* SOURCE RECORDS:
(* Let the setting be as in the context. Let $A\in\mathcal L(\mathcal H)$ with $A\ge0$ be such that $A\ast B\in L^1(\Xi)$ for every $B\in\mathcal T^1(\mathcal H)$ with $B\ge0$. Then $A\in\mathcal T^1(\mathcal H)$.
   Context: $\Xi$ is a locally compact abelian group; $m:\Xi\times\Xi\to S^1$ separately continuous with $m(x+y,z)m(x,y)=m(x,y+z)m(y,z)$, $m(x,0)=m(0,x)=1$, $m(x,y)=m(-x,-y)$, Heisenberg ($x\mapsto\sigma(x,\cdot)$ with $\sigma(x,y)=m(x,y)/m(y,x)$ a topological isomorphism $\Xi\to\widehat\Xi$). $(U_x)$ is the irreducible strongly continuous square integrable projective unitary representation on $\mathcal H$ with $U_xU_y=m(x,y)U_{x+y}$; Haar measure normalized so that $\int_\Xi\langle U_x\varphi_1,\psi_1\rangle\overline{\langle U_x\varphi_2,\psi_2\rangle}dx=\langle\varphi_1,\varphi_2\rangle\overline{\langle\psi_1,\psi_2\rangle}$. $R$ is a self-adjoint unitary with $U_xR=RU_{-x}$. $\alpha_x(A)=U_xAU_x^*$, $\beta_-(A)=RAR$, and for $B\in\mathcal T^1(\mathcal H)$, $A\in\mathcal L(\mathcal H)$: $A\ast B(x)=B\ast A(x)=\operatorname{tr}(B\,\alpha_x(\beta_-(A)))$. *)

theory Defs
  imports "HOL-Analysis.Analysis"
begin

text \<open>Complex Hilbert space on a type 'h, given by a scalar multiplication smul and an
  inner product ip (linear in the first argument, conjugate-linear in the second).\<close>

definition hnorm :: "('h \<Rightarrow> 'h \<Rightarrow> complex) \<Rightarrow> 'h \<Rightarrow> real" where
  "hnorm ip x = sqrt (Re (ip x x))"

definition hilbert_space :: "(complex \<Rightarrow> 'h::ab_group_add \<Rightarrow> 'h) \<Rightarrow> ('h \<Rightarrow> 'h \<Rightarrow> complex) \<Rightarrow> bool" where
  "hilbert_space smul ip \<longleftrightarrow>
     (\<forall>x. smul 1 x = x) \<and>
     (\<forall>a b x. smul a (smul b x) = smul (a * b) x) \<and>
     (\<forall>a b x. smul (a + b) x = smul a x + smul b x) \<and>
     (\<forall>a x y. smul a (x + y) = smul a x + smul a y) \<and>
     (\<forall>x y z. ip (x + y) z = ip x z + ip y z) \<and>
     (\<forall>a x y. ip (smul a x) y = a * ip x y) \<and>
     (\<forall>x y. ip y x = cnj (ip x y)) \<and>
     (\<forall>x. Im (ip x x) = 0 \<and> Re (ip x x) \<ge> 0) \<and>
     (\<forall>x. ip x x = 0 \<longrightarrow> x = 0) \<and>
     (\<forall>s::nat \<Rightarrow> 'h. (\<forall>e>0. \<exists>N. \<forall>m\<ge>N. \<forall>n\<ge>N. hnorm ip (s m - s n) < e)
        \<longrightarrow> (\<exists>l. (\<lambda>n. hnorm ip (s n - l)) \<longlonglongrightarrow> 0))"

definition bounded_op :: "(complex \<Rightarrow> 'h::ab_group_add \<Rightarrow> 'h) \<Rightarrow> ('h \<Rightarrow> 'h \<Rightarrow> complex) \<Rightarrow> ('h \<Rightarrow> 'h) \<Rightarrow> bool" where
  "bounded_op smul ip T \<longleftrightarrow>
     (\<forall>x y. T (x + y) = T x + T y) \<and> (\<forall>a x. T (smul a x) = smul a (T x)) \<and>
     (\<exists>C. \<forall>x. hnorm ip (T x) \<le> C * hnorm ip x)"

definition adj :: "('h \<Rightarrow> 'h \<Rightarrow> complex) \<Rightarrow> ('h \<Rightarrow> 'h) \<Rightarrow> ('h \<Rightarrow> 'h)" where
  "adj ip T = (SOME S. \<forall>x y. ip (T x) y = ip x (S y))"

definition unitary_op :: "(complex \<Rightarrow> 'h::ab_group_add \<Rightarrow> 'h) \<Rightarrow> ('h \<Rightarrow> 'h \<Rightarrow> complex) \<Rightarrow> ('h \<Rightarrow> 'h) \<Rightarrow> bool" where
  "unitary_op smul ip T \<longleftrightarrow> bounded_op smul ip T \<and> surj T \<and> (\<forall>x y. ip (T x) (T y) = ip x y)"

definition selfadjoint_op :: "(complex \<Rightarrow> 'h::ab_group_add \<Rightarrow> 'h) \<Rightarrow> ('h \<Rightarrow> 'h \<Rightarrow> complex) \<Rightarrow> ('h \<Rightarrow> 'h) \<Rightarrow> bool" where
  "selfadjoint_op smul ip T \<longleftrightarrow> bounded_op smul ip T \<and> (\<forall>x y. ip (T x) y = ip x (T y))"

definition positive_op :: "(complex \<Rightarrow> 'h::ab_group_add \<Rightarrow> 'h) \<Rightarrow> ('h \<Rightarrow> 'h \<Rightarrow> complex) \<Rightarrow> ('h \<Rightarrow> 'h) \<Rightarrow> bool" where
  "positive_op smul ip T \<longleftrightarrow> bounded_op smul ip T \<and> (\<forall>x. Im (ip (T x) x) = 0 \<and> Re (ip (T x) x) \<ge> 0)"

definition abs_op :: "(complex \<Rightarrow> 'h::ab_group_add \<Rightarrow> 'h) \<Rightarrow> ('h \<Rightarrow> 'h \<Rightarrow> complex) \<Rightarrow> ('h \<Rightarrow> 'h) \<Rightarrow> ('h \<Rightarrow> 'h)" where
  "abs_op smul ip T = (THE P. positive_op smul ip P \<and> P \<circ> P = adj ip T \<circ> T)"

definition onb :: "('h::ab_group_add \<Rightarrow> 'h \<Rightarrow> complex) \<Rightarrow> 'h set \<Rightarrow> bool" where
  "onb ip E \<longleftrightarrow> (\<forall>e\<in>E. ip e e = 1) \<and> (\<forall>e\<in>E. \<forall>f\<in>E. e \<noteq> f \<longrightarrow> ip e f = 0) \<and>
     (\<forall>x. (\<forall>e\<in>E. ip x e = 0) \<longrightarrow> x = 0)"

* TASK TO COMPLETE:
Please reproduce the lines from the line with "text \<open>Complex Hilbert" to the line with "(\<forall>x. ip x", both ends included, exactly as they appear above.

* ANSWER BOX:
text \<open>Complex Hilbert space on a type 'h, given by a scalar multiplication smul and an
  inner product ip (linear in the first argument, conjugate-linear in the second).\<close>

definition hnorm :: "('h \<Rightarrow> 'h \<Rightarrow> complex) \<Rightarrow> 'h \<Rightarrow> real" where
  "hnorm ip x = sqrt (Re (ip x x))"

definition hilbert_space :: "(complex \<Rightarrow> 'h::ab_group_add \<Rightarrow> 'h) \<Rightarrow> ('h \<Rightarrow> 'h \<Rightarrow> complex) \<Rightarrow> bool" where
  "hilbert_space smul ip \<longleftrightarrow>
     (\<forall>x. smul 1 x = x) \<and>
     (\<forall>a b x. smul a (smul b x) = smul (a * b) x) \<and>
     (\<forall>a b x. smul (a + b) x = smul a x + smul b x) \<and>
     (\<forall>a x y. smul a (x + y) = smul a x + smul a y) \<and>
     (\<forall>x y z. ip (x + y) z = ip x z + ip y z) \<and>
     (\<forall>a x y. ip (smul a x) y = a * ip x y) \<and>
     (\<forall>x y. ip y x = cnj (ip x y)) \<and>
     (\<forall>x. Im (ip x x) = 0 \<and> Re (ip x x) \<ge> 0) \<and>
     (\<forall>x. ip x x = 0 \<longrightarrow> x = 0) \<and>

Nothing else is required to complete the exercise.